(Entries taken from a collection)
------------------------------------
lemma box_is_emsset:
  assumes X: "is_emsset X" and Y: "is_emsset Y"
  shows "is_emsset (box X Y)"
  apply (subst box_eq_restrict)
proof (rule is_emsset_restrict[OF prod_em_is_emsset[OF X Y] box_subset_prod_em])
  fix m n \<alpha> p assume \<alpha>: "simp_op m n \<alpha>" and p: "p \<in> cells (box X Y) n"
  then show "smap (prod_em X Y) m n \<alpha> p \<in> cells (box X Y) m"
    using smap_closed[OF X \<alpha>] smap_closed[OF Y \<alpha>] disjoint_supports_smap[OF X Y _ _ \<alpha>] \<alpha>
    by (cases p) (auto simp: box_cells prod_em_def simp_op_def)
next
  fix n u p assume u: "emtuple n u" and p: "p \<in> cells (box X Y) n"
  then show "act (prod_em X Y) n u p \<in> cells (box X Y) n"
    using act_closed[OF X u] act_closed[OF Y u] disjoint_supports_act[OF X Y _ _ u]
    by (cases p) (auto simp: box_cells prod_em_def)
qed

lemma box_mild: "mild (box X Y)"
  unfolding mild_def
proof (intro allI impI)
  fix n k p assume p: "p \<in> cells (box X Y) n" and k: "k \<le> n"
  obtain x y where p_eq: "p = (x, y)" by (cases p)
  obtain A B where AB: "coinfinite (A \<union> B)" "supported X n k A x" "supported Y n k B y"
    using p k unfolding p_eq box_cells disjoint_supports_def by blast
  then have "supported (box X Y) n k (A \<union> B) (x, y)"
    by (simp add: supported_def box_def prod_em_def M_fix_Un)
  with AB(1) show "\<exists>C. coinfinite C \<and> supported (box X Y) n k C p" using p_eq by blast
qed

subsection \<open>Functoriality and simplicial tensors\<close>

lemma supported_em_map:
  assumes f: "em_map X X' f" and x: "x \<in> cells X n" and sup: "supported X n k A x"
  shows "supported X' n k A (f n x)"
  unfolding supported_def
proof
  fix u assume u: "u \<in> M_fix A"
  have "act X' n (incl k u) (f n x) = f n (act X n (incl k u) x)"
    using f x emtuple_incl[OF M_fix_inj[OF u]] unfolding em_map_def by simp
  also have "\<dots> = f n x" using sup u unfolding supported_def by simp
  finally show "act X' n (incl k u) (f n x) = f n x" .
qed

lemma box_em_map:
  assumes f: "em_map X X' f" and g: "em_map Y Y' g" and xy: "(x, y) \<in> cells (box X Y) n"
  shows "(f n x, g n y) \<in> cells (box X' Y') n"
proof -
  have x: "x \<in> cells X n" and y: "y \<in> cells Y n" using xy by (auto simp: box_cells)
  then have "f n x \<in> cells X' n" "g n y \<in> cells Y' n" using f g unfolding em_map_def by auto
  then show ?thesis
    using xy supported_em_map[OF f x] supported_em_map[OF g y]
    unfolding box_cells disjoint_supports_def by meson
qed

lemma tensor_cells [simp]: "(s, x) \<in> cells (tensor K X) n \<longleftrightarrow> s \<in> cells K n \<and> x \<in> cells X n"
  by (simp add: tensor_def)

lemma supported_tensor [simp]: "supported (tensor K X) n k A (s, x) \<longleftrightarrow> supported X n k A x"
  by (simp add: supported_def tensor_def)

lemma mild_tensor: "mild X \<Longrightarrow> mild (tensor K X)"
  unfolding mild_def by (auto simp: tensor_def supported_def)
------------------------------------
Across the data above, how many lines contain "then"? Reply with a bare number.

5